A easy however flavorful marinade of soy sauce, Korean spicy paste and candy Asian pear makes thinly sliced beef a stand out dinner.
My buddy Michelle loves meals. It’s simply one motive we’re proper buddies. She’s also half Korean. integrate her love of food along with her love of her Korean history (she has her PhD in Korean women studies—WHOA) and i have a built in guide on the whole lot scrumptious about her flavorful heritage.
it appears that evidently Korean has been on a steady upward climb inside the Asian taste subject and has fast turn out to be on par with chinese, jap and Thai meals. Michelle and her husband had been the primary ones to take us to try Korean meals. It’s emerge as any such favourite of mine that I’ve celebrated my beyond 3 birthdays with a dinner of beef Bulgogi and all of the little Korean facet dishes called ban-chan.
Korean Beef Bulgogi Recipe
A simple but flavorful marinade of soy sauce and Korean spice paste sweetened with Asian pear makes this thinly sliced beef a stand out dinner.
- 1 1/2 pound flat iron steak
- 1 onion peeled, quartered and sliced
- 1 Asian pear peeled, cored and chopped
- 1 small shallot chopped
- 3 cloves garlic chopped
- 1 tablespoon grated fresh ginger
- 2 tablespoons soy sauce
- 1 tablespoon roasted sesame oil
- 1 tablespoon sugar
- 1 tablespoon gochujang Korean hot pepper paste
- 1 teaspoon freshly ground black pepper
- 1 tablespoon canola or vegetable oil
- 2 green onions chopped
- Sesame seeds
- White rice for serving
- Wrap the flat iron steak in plastic wrap and freeze for 1-2 hours to firm up.

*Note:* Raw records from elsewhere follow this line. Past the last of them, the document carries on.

(* Let $A$ be a finite alphabet of size $m$, and let $w=\mu^{\omega}(a)$ where $a\in A$ and $\mu$ is an $r$-uniform morphism ($r\ge2$) prolongable on $a$; suppose $w$ is aperiodic and uniformly recurrent. Let $t$ be a substring of $w$ such that every length-2 substring of $w$ is a substring of $t$, and let $s$ be a substring of $w$ of the form $s=ftg$ with letters $f,g\in A$. Fix a nonnegative integer $n$ and suppose that $\mu^n(s)$ is a substring of $w$, say $\mu^n(s)=w_{[\gamma,\gamma+|s|\cdot r^n]}$ for some $\gamma$. If $i$ is the remainder of $\gamma$ upon division by $r^n$, then $\gcd(i,r^n)>\frac{r^n}{m^2}$.
   Context: Words are $0$-indexed, and for a word $v$, $v_{[i,j]}$ denotes the substring of $v$ consisting of the letters at indices $i,i+1,\dots,j-1$. A morphism $\mu$ satisfies $\mu(uv)=\mu(u)\mu(v)$ for finite $u$; it is $r$-uniform if $|\mu(b)|=r$ for all $b\in A$; prolongable on $a$ means $\mu(a)$ begins with $a$, and $\mu^{\omega}(a)$ is the infinite word having every $\mu^n(a)$ as a prefix. Aperiodic: no periodic suffix. Uniformly recurrent: for every $a$ there is $b$ such that every length-$a$ substring of $w$ occurs in every length-$b$ substring of $w$. The convention $\gcd(0,r^n)=r^n$ is used. *)

theory Defs
  imports Complex_Main "HOL-Library.Sublist"
begin

text \<open>Infinite words are functions nat => 'a. The factor of w of length l
starting at index k, i.e. w_[k, k+l].\<close>
definition factor :: "(nat \<Rightarrow> 'a) \<Rightarrow> nat \<Rightarrow> nat \<Rightarrow> 'a list" where
  "factor w k l = map w [k..<k+l]"

definition is_factor :: "'a list \<Rightarrow> (nat \<Rightarrow> 'a) \<Rightarrow> bool" where
  "is_factor u w \<longleftrightarrow> (\<exists>k. u = factor w k (length u))"

definition morph_ext :: "('a \<Rightarrow> 'a list) \<Rightarrow> 'a list \<Rightarrow> 'a list" where
  "morph_ext \<mu> u = concat (map \<mu> u)"

definition morph_pow :: "('a \<Rightarrow> 'a list) \<Rightarrow> nat \<Rightarrow> 'a list \<Rightarrow> 'a list" where
  "morph_pow \<mu> n = (morph_ext \<mu> ^^ n)"

definition uniform :: "nat \<Rightarrow> ('a \<Rightarrow> 'a list) \<Rightarrow> bool" where
  "uniform r \<mu> \<longleftrightarrow> (\<forall>b. length (\<mu> b) = r)"

definition prolongable :: "('a \<Rightarrow> 'a list) \<Rightarrow> 'a \<Rightarrow> bool" where
  "prolongable \<mu> a \<longleftrightarrow> \<mu> a \<noteq> [] \<and> hd (\<mu> a) = a"

definition is_fixpoint_word :: "('a \<Rightarrow> 'a list) \<Rightarrow> 'a \<Rightarrow> (nat \<Rightarrow> 'a) \<Rightarrow> bool" where
  "is_fixpoint_word \<mu> a w \<longleftrightarrow>
     (\<forall>n. factor w 0 (length (morph_pow \<mu> n [a])) = morph_pow \<mu> n [a])"

definition aperiodic :: "(nat \<Rightarrow> 'a) \<Rightarrow> bool" where
  "aperiodic w \<longleftrightarrow> \<not> (\<exists>p N. p > 0 \<and> (\<forall>k\<ge>N. w (k + p) = w k))"

definition uniformly_recurrent :: "(nat \<Rightarrow> 'a) \<Rightarrow> bool" where
  "uniformly_recurrent w \<longleftrightarrow>
     (\<forall>a. \<exists>b. \<forall>j k. \<exists>l. k \<le> l \<and> l + a \<le> k + b \<and> factor w j a = factor w l a)"
lemma tcone_diff_factor: "tcone_diff j n = tcone_mono j n \<cdot> tcone_epi j n"
proof -
  consider (a) "Suc n < j" | (b) "Suc n = j" | (c) "j \<le> n" by linarith
  then show ?thesis
  proof cases
    case a
    have "tcone_mono j n \<cdot> tcone_epi j n = pair (P n) (susp P n) (idm C (P n)) (twist n) \<cdot> copair (P (Suc n)) (P n) (e n) (s n)"
      unfolding tcone_mono_def tcone_epi_def using a by simp
    also have "\<dots> = pair (P n) (susp P n) (idm C (P n) \<cdot> copair (P (Suc n)) (P n) (e n) (s n))
        (twist n \<cdot> copair (P (Suc n)) (P n) (e n) (s n))" by (rule pair_comp) simp_all
    also have "\<dots> = pair (P n) (susp P n) (copair (P (Suc n)) (P n) (e n) (s n))
        (copair (P (Suc n)) (P n) (twist n \<cdot> e n) (twist n \<cdot> s n))" by (simp add: comp_copair)
    also have "\<dots> = cone_diff P e s d n" unfolding cone_diff_def twist_e twist_s by simp
    finally show ?thesis unfolding tcone_diff_def using a by simp
  next
    case b
    have "tcone_mono j n \<cdot> tcone_epi j n = pair (P n) (susp P n) (idm C (P n)) (twist n) \<cdot> s n"
      unfolding tcone_mono_def tcone_epi_def using b by simp
    also have "\<dots> = pair (P n) (susp P n) (s n) (susp_diff P d n)" using twist_s by simp
    also have "\<dots> = cone_diff P e s d n \<cdot> inj2 (P (Suc n)) (P n)" unfolding cone_diff_def by simp
    finally show ?thesis unfolding tcone_diff_def using b by simp
  next
    case c
    have z: "is_zero (tcone_ob P j (Suc n))" unfolding tcone_ob_def using c is_zero_Z0 by simp
    show ?thesis
      by (rule hom_from_zero_unique[OF z tcone_diff_hom comp_hom[OF tcone_epi_hom tcone_mono_hom]])
  qed
qed

lemma tcone_confl: "(tcone_mono j (Suc n), tcone_epi j n) \<in> confl C"
proof -
  consider (a) "Suc n < j" | (b) "Suc n = j" | (c) "j \<le> n" by linarith
  then show ?thesis
  proof cases
    case a
    have "s n \<cdot> twist (Suc n) = neg (e n)" unfolding twist_def by simp
    then show ?thesis unfolding tcone_mono_def tcone_epi_def using a
      by (simp add: confl_graph_copair[OF P_ob P_ob _ e_hom s_hom s_hom s_s s_s] homs_iff)
  next
    case b
    have W1: "tcone_mono j (Suc n) = zmor C Z0 (P n)" unfolding tcone_mono_def tcone_ob_def using b by (simp flip: b)
    have W2: "tcone_epi j n = s n" unfolding tcone_epi_def using b by simp
    show ?thesis unfolding W1 W2
      by (rule confl_zero_to_iso[OF zmor_hom is_zero_Z0 s_hom s_hom s_s s_s]) simp_all
  next
    case c
    show ?thesis
      by (rule confl_between_zeros[OF _ _ _ tcone_mono_hom tcone_epi_hom]) (use c is_zero_Z0 in \<open>simp_all add: tcone_cyc_def tcone_ob_def\<close>)
  qed
qed
lemma primitive_power_overlap_length_le:
  assumes eq: "a1 @ word_pow w1 m1 @ b1 = a2 @ word_pow w2 m2 @ b2"
    and "primitive w2" "w1 \<noteq> []"
    and overlap1: "max (length a1) (length a2) + length w1 + length w2 \<le> length a1 + m1 * length w1"
    and overlap2: "max (length a1) (length a2) + length w1 + length w2 \<le> length a2 + m2 * length w2"
  shows "length w2 \<le> length w1"
proof (rule ccontr)
  assume shorter: "\<not> length w2 \<le> length w1"
  define lo where "lo = max (length a1) (length a2)"
  define c1 where "c1 = lo - length a1"
  define c2 where "c2 = lo - length a2"
  define s1 where "s1 = word_pow w1 m1 @ b1"
  define s2 where "s2 = word_pow w2 m2 @ b2"
  have drop_eq: "drop (c1 + k) s1 = drop (c2 + k) s2" for k
    using arg_cong[OF eq, of "drop (lo + k)"]
    by (simp add: c1_def c2_def lo_def s1_def s2_def)
  have "rotate (c2 + length w1) w2 = take (length w2) (drop (c2 + length w1) s2)"
    unfolding s2_def
    by (rule take_drop_word_pow_append[symmetric]) (use overlap2 in \<open>simp add: c2_def lo_def\<close>)
  also have "\<dots> = take (length w2) (drop (c1 + length w1) s1)"
    by (simp add: drop_eq)
  also have "\<dots> = take (length w2) (drop c1 s1)"
    unfolding s1_def
    by (rule take_drop_word_pow_append_shift) (use overlap1 in \<open>simp add: c1_def lo_def\<close>)
  also have "\<dots> = take (length w2) (drop c2 s2)"
    using drop_eq[of 0] by simp
  also have "\<dots> = rotate c2 w2"
    unfolding s2_def
    by (rule take_drop_word_pow_append) (use overlap2 in \<open>simp add: c2_def lo_def\<close>)
  finally have "rotate c2 (rotate (length w1) w2) = rotate c2 w2"
    by (simp add: rotate_rotate add.commute)
  then have "rotate (length w1) w2 = w2"
    by (rule injD[OF inj_rotate])
  with primitive_rotate_neq[OF \<open>primitive w2\<close>] shorter \<open>w1 \<noteq> []\<close> show False
    by simp
qed
lemma independent_coupling_marginal:
  assumes C: "finite C" "l \<in> C" and P: "finite P" "p0 \<in> P"
    and nonneg: "\<forall>k\<in>C. \<forall>p\<in>P. 0 \<le> r k p" and total: "\<forall>k\<in>C. (\<Sum>p\<in>P. r k p) = R"
  shows "(\<Sum>p\<in>{p \<in> C \<rightarrow>\<^sub>E P. p l = p0}. independent_coupling C R r p) = r l p0"
proof (cases "0 < R")
  case True
  have "(\<Sum>p\<in>PiE C (\<lambda>k. if k = l then {p0} else P). \<Prod>k\<in>C. r k (p k) / R)
      = (\<Prod>k\<in>C. \<Sum>q\<in>(if k = l then {p0} else P). r k q / R)"
    using C P by (intro prod_sum_PiE[symmetric]) auto
  also have "\<dots> = (\<Prod>k\<in>C. if k = l then r l p0 / R else 1)"
    using total True by (intro prod.cong) (auto simp flip: sum_divide_distrib)
  also have "\<dots> = r l p0 / R"
    using C by (simp add: prod.delta)
  finally show ?thesis
    using True C P by (simp add: independent_coupling_def PiE_fix_coordinate flip: sum_distrib_left)
next
  case False
  have "r l p0 \<le> (\<Sum>p\<in>P. r l p)"
    using C P nonneg by (intro member_le_sum) auto
  moreover have "0 \<le> R"
    using total C nonneg by (metis sum_nonneg)
  ultimately have "r l p0 = 0"
    using False C P nonneg total by force
  then show ?thesis
    using False by (simp add: independent_coupling_def)
qed

definition pattern_mass :: "('v \<Rightarrow> 'p) set \<Rightarrow> (('v \<Rightarrow> 'p) \<Rightarrow> real) \<Rightarrow> 'v \<Rightarrow> 'p \<Rightarrow> real" where
  "pattern_mass D m k p = (\<Sum>d\<in>D. if d k = p then m d else 0)"

lemma pattern_mass_le:
  assumes "finite D" "\<forall>d'\<in>D. \<forall>d''\<in>D. d' \<noteq> d'' \<longrightarrow> d' k \<noteq> d'' k"
    and "\<forall>d\<in>D. m d \<le> f (d k)" "0 \<le> f p"
  shows "pattern_mass D m k p \<le> f p"
proof (cases "\<exists>d0\<in>D. d0 k = p")
  case True
  then obtain d0 where d0: "d0 \<in> D" "d0 k = p" by blast
  have "(\<Sum>d\<in>D - {d0}. if d k = p then m d else 0) = 0"
    using assms(2) d0 by (intro sum.neutral) force
  then have "pattern_mass D m k p = m d0"
    unfolding pattern_mass_def using d0 assms(1) by (simp add: sum.remove)
  then show ?thesis
    using assms(3) d0 by auto
qed (use assms(4) in \<open>auto simp: pattern_mass_def intro!: sum.neutral\<close>)

lemma sum_pattern_mass:
  assumes "D \<subseteq> C \<rightarrow>\<^sub>E P" "k \<in> C" "finite P"
  shows "(\<Sum>p\<in>P. pattern_mass D m k p) = (\<Sum>d\<in>D. m d)"
  unfolding pattern_mass_def
  by (subst sum.swap) (use assms in \<open>auto intro!: sum.cong simp: PiE_iff sum.delta'\<close>)

lemma sum_PiE_fix_coordinate_patterns:
  assumes "D \<subseteq> C \<rightarrow>\<^sub>E P" "finite C" "finite P"
  shows "(\<Sum>p\<in>{p \<in> C \<rightarrow>\<^sub>E P. p l = p0}. if p \<in> D then m p else 0) = pattern_mass D m l p0"
proof -
  have "finite D"
    using finite_subset[OF assms(1)] assms(2,3) by (simp add: finite_PiE)
  moreover have "{p \<in> C \<rightarrow>\<^sub>E P. p l = p0} \<inter> D = {d \<in> D. d l = p0}"
    using assms(1) by auto
  moreover have "finite {p \<in> C \<rightarrow>\<^sub>E P. p l = p0}"
    using assms(2,3) by (simp add: finite_PiE)
  ultimately show ?thesis
    unfolding pattern_mass_def by (simp add: sum.inter_restrict[symmetric] sum.inter_filter)
qed

text \<open>For Potts patterns the patterns take distinct values at every variable, so each pattern d can
  be given its full mass min_l y_l(d_l); the remaining row mass is distributed independently.\<close>

lemma potts_coupling_exists:
  fixes y :: "'v \<Rightarrow> 'p \<Rightarrow> real"
  assumes C: "finite C" "C \<noteq> {}" and P: "finite P"
    and D: "D \<subseteq> C \<rightarrow>\<^sub>E P" and potts: "\<forall>d'\<in>D. \<forall>d''\<in>D. d' \<noteq> d'' \<longrightarrow> (\<forall>i\<in>C. d' i \<noteq> d'' i)"
    and y_nonneg: "\<forall>k\<in>C. \<forall>p\<in>P. 0 \<le> y k p" and y_sum: "\<forall>k\<in>C. (\<Sum>p\<in>P. y k p) = 1"
  shows "\<exists>q. (\<forall>p\<in>C \<rightarrow>\<^sub>E P. 0 \<le> q p)
           \<and> (\<forall>l\<in>C. \<forall>p0\<in>P. (\<Sum>p\<in>{p \<in> C \<rightarrow>\<^sub>E P. p l = p0}. q p) = y l p0)
           \<and> (\<forall>d\<in>D. Min ((\<lambda>l. y l (d l)) ` C) \<le> q d)"
proof -
  define m where "m d = Min ((\<lambda>l. y l (d l)) ` C)" for d
  define r where "r k p = y k p - pattern_mass D m k p" for k p
  define R where "R = 1 - (\<Sum>d\<in>D. m d)"
  define q where "q p = (if p \<in> D then m p else 0) + independent_coupling C R r p" for p
  have m_nonneg: "0 \<le> m d" and m_le: "m d \<le> y l (d l)" if "d \<in> D" "l \<in> C" for d l
  proof -
    have "m d \<in> (\<lambda>l. y l (d l)) ` C"
      unfolding m_def using C by (intro Min_in) auto
    then show "0 \<le> m d"
      using y_nonneg D that(1) by (auto simp: PiE_iff)
    show "m d \<le> y l (d l)"
      unfolding m_def using C that(2) by (intro Min_le) auto
  qed
  have r_nonneg: "\<forall>k\<in>C. \<forall>p\<in>P. 0 \<le> r k p"
    using potts m_le y_nonneg finite_subset[OF D] C P
    by (auto simp: r_def finite_PiE intro!: pattern_mass_le)
  have r_total: "\<forall>k\<in>C. (\<Sum>p\<in>P. r k p) = R"
    using y_sum sum_pattern_mass[OF D _ P] by (simp add: r_def R_def sum_subtractf)
  have "\<forall>p\<in>C \<rightarrow>\<^sub>E P. 0 \<le> q p"
    using independent_coupling_nonneg[OF r_nonneg] m_nonneg C by (auto simp: q_def)
  moreover have "(\<Sum>p\<in>{p \<in> C \<rightarrow>\<^sub>E P. p l = p0}. q p) = y l p0" if "l \<in> C" "p0 \<in> P" for l p0
    unfolding q_def sum.distrib sum_PiE_fix_coordinate_patterns[OF D C(1) P]
      independent_coupling_marginal[OF C(1) that(1) P that(2) r_nonneg r_total]
    by (simp add: r_def)
  moreover have "\<forall>d\<in>D. m d \<le> q d"
    using independent_coupling_nonneg[OF r_nonneg] D by (auto simp: q_def)
  ultimately show ?thesis
    unfolding m_def by blast
qed
(* Let $p\ge1$ and let $\widetilde X$ be the genus-$p$ maxface obtained from a reflexive symmetric zigzag, whose Gauss map $g$ and height form $dh$ on the sheet over the upper half-plane are $g=\frac{e^{\pm i\pi/4}}{c}\prod_{j=-p}^p(z-t_j)^{a_j}$, $dh=c\,dz$ (with $t_j,a_j,c$ as in the context). Let $G(z)=\frac{1}{c^2}\prod_{j=-p}^p(z-t_j)^{2a_j}$ on $\mathbb{C}\cup\{\infty\}$. If $G'(z)\neq0$ at every point of the singular set, then the singular set of the maxface on its defining Riemann surface $\mathcal{R}_{NE}\setminus\{P_\infty\}$ consists of exactly $p+1$ pairwise disjoint loops.
   Context: A zigzag of genus $p$ is an open, properly embedded arc in $\mathbb{C}$ of alternating horizontal and vertical segments with $2p+1$ vertices $P_{-p},\dots,P_p$, an initial infinite vertical side and terminal infinite horizontal side, angles $\pi/2,3\pi/2,\dots,3\pi/2,\pi/2$ between consecutive sides; symmetric means symmetric about $y=x$; reflexive means there is a conformal map between its two complementary regions $\Omega_{NE}\to\Omega_{SW}$ sending $P_j$ to $P_{-j}$. The region $\Omega_{NE}$ is the image of the closed upper half-plane under the Schwarz–Christoffel map $F(z)=\int_i^z\prod_{j=-p}^p(t-t_j)^{a_j}dt$, where $t_{-p}<\dots<t_p$ are real with $F(t_j)=P_j$, $t_{-j}=-t_j$, and $a_j\in\{\pm\frac12\}$ alternate in sign starting from $a_{-p}=-\frac12$. $\mathcal{R}_{NE}$ is the hyperelliptic double cover, branched at the $t_j$ and $\infty=P_\infty$, of the doubled region (a sphere); the maxface has Weierstrass data $(g,dh)$ as stated on the sheet over the upper half-plane, extended to $\mathcal{R}_{NE}$ by reflections and the hyperelliptic involution, and $c$ is a nonzero constant. The singular set of the maxface is $\{q:|g(q)|=1\}$. *)

theory Defs
  imports "HOL-Analysis.Analysis"
begin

- Thinly slice the flat iron steak across the grain into about 1/8-inch slices. Place the beef and chopped onion in a gallon freezer bag or a large bowl and set aside.
- In a food processor, combine the Asian pear, shallot, garlic and grated ginger until smooth. Add the soy sauce, sesame oil, sugar, gochujang and black pepper and pulse until combined. Pour into the gallon freezer bag or large bowl with the steak and onions and mix to combine. Refrigerate for 30 minutes up to overnight.
- When ready to cook, preheat a cast-iron pan or large skillet over high heat and then add the oil. Add the meat, onions and marinade to the pan. Cook, stirring constantly, until the meat begins to brown and caramelize and the onions are cooked through, about 4-5 minutes. Garnish with chopped green onion and sesame seeds. Serve with rice, kimchi, Korean pickled cucumbers and Korean glazed potatoes.